Addition using Tensors
Addition and Multiplication are two operations, which are extensively used in the Machine Learning or Deep learning models. The following example shows the addition of two tensor (make sure that the dimensions or shapes of both the tensors are same; they must be incompliance with the Matrix mathematics rules):
let twoDimensionalTensor = tf.tensor([1,2,3,4], shape=[2,2], dtype="float32"); let addition = twoDimensionalTensor.add(twoDimensionalTensor); addition.print();
You should expect the element-wise addition. The output is as follows: Tensor [[2, 4], [6, 8]] (as expected)
Multiplication using Tensors
We can multiple two tensors (element-wise) by using the following code:
let twoDimensionalTensor = tf.tensor([1,2,3,4], shape=[2,2], dtype="float32"); let multiplcation = twoDimensionalTensor.mul(twoDimensionalTensor); multiplcation.print();
The output is: Tensor [[1, 4 ], [9, 16]] (as expected)
But what if we want to multiply two tensors by following the Matrix Multiplication rules? Well, tensorflow.js provides a helper function to accomplish that task as well. This is how you can multiple two tensors (real matrix multiplication):
let twoDimensionalTensor = tf.tensor([1,2,3,4], shape=[2,2], dtype="float32"); let multiplcation = twoDimensionalTensor.matMul(twoDimensionalTensor); multiplcation.print();
In the above case, as the number of columns of first matrix is same as the number of rows of the second matrix (in this case the same matrix), the matrix multiplication is possible. The output is: Tensor [[7 , 10], [15, 22]]

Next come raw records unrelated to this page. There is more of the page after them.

(* Let $\beta\ge0$, $B>0$ and $\epsilon\in(0,1/5)$. There is a constant $C>0$ depending only on $\epsilon,\beta,B$ such that for all $n\ge C$ and all $a,b$ with $n^{-2\epsilon/5}<a<b\le B$, $$Z'_{a,b}:=\int_{\Gamma_{a,b}}e^{\beta n^{-1}S_4(f)}\,df\ \le\ \exp\Big(nL(a,b)+\frac{Cn^{4/5+\epsilon}}{b-a}\Big).$$
   Context: Let $V$ be a finite set with $n=|V|$ and $df$ Lebesgue measure on $\mathbb{C}^V\cong\mathbb{R}^{2n}$. For $f\in\mathbb{C}^V$ and $k\ge2$, $S_k(f)=\sum_{x\in V}|f_x|^k$. For $0<a<b$, $$\Gamma_{a,b}=\{f\in\mathbb{C}^V:\ a^2n^2(1-n^{-1/5})\le S_4(f)\le a^2n^2(1+n^{-1/5}),\ bn(1-n^{-1/5})\le S_2(f)\le bn(1+n^{-1/5})\}.$$ Define $L(a,b)=\beta a^2+\log(b-a)+\log\pi+1$. *)

theory Defs
  imports "HOL-Analysis.Analysis"
begin

definition Sk :: "nat \<Rightarrow> 'v set \<Rightarrow> ('v \<Rightarrow> complex) \<Rightarrow> real" where
  "Sk k V f = (\<Sum>x\<in>V. cmod (f x) ^ k)"

definition Gamma :: "'v set \<Rightarrow> real \<Rightarrow> real \<Rightarrow> ('v \<Rightarrow> complex) set" where
  "Gamma V a b = (let n = real (card V) in
     {f \<in> PiE V (\<lambda>_. UNIV).
        a\<^sup>2 * n\<^sup>2 * (1 - n powr (-1/5)) \<le> Sk 4 V f \<and>
        Sk 4 V f \<le> a\<^sup>2 * n\<^sup>2 * (1 + n powr (-1/5)) \<and>
        b * n * (1 - n powr (-1/5)) \<le> Sk 2 V f \<and>
        Sk 2 V f \<le> b * n * (1 + n powr (-1/5))})"

definition L :: "real \<Rightarrow> real \<Rightarrow> real \<Rightarrow> real" where
  "L \<beta> a b = \<beta> * a\<^sup>2 + ln (b - a) + ln pi + 1"

definition lebC :: "'v set \<Rightarrow> ('v \<Rightarrow> complex) measure" where
  "lebC V = PiM V (\<lambda>_. lborel)"

end

theory Submission
  imports Defs "HOL-Probability.Distributions"
begin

In this article, we have learned the basics of Machine or Deep Learning in general and TensorFlow.js in particular. We have also learnt how to integrate tensorflow.js into our project and utilize its functions. We have just scratched the surface. In the upcoming article, we shall discuss its more functionality. For now, that’s it for this article. I hope you like it!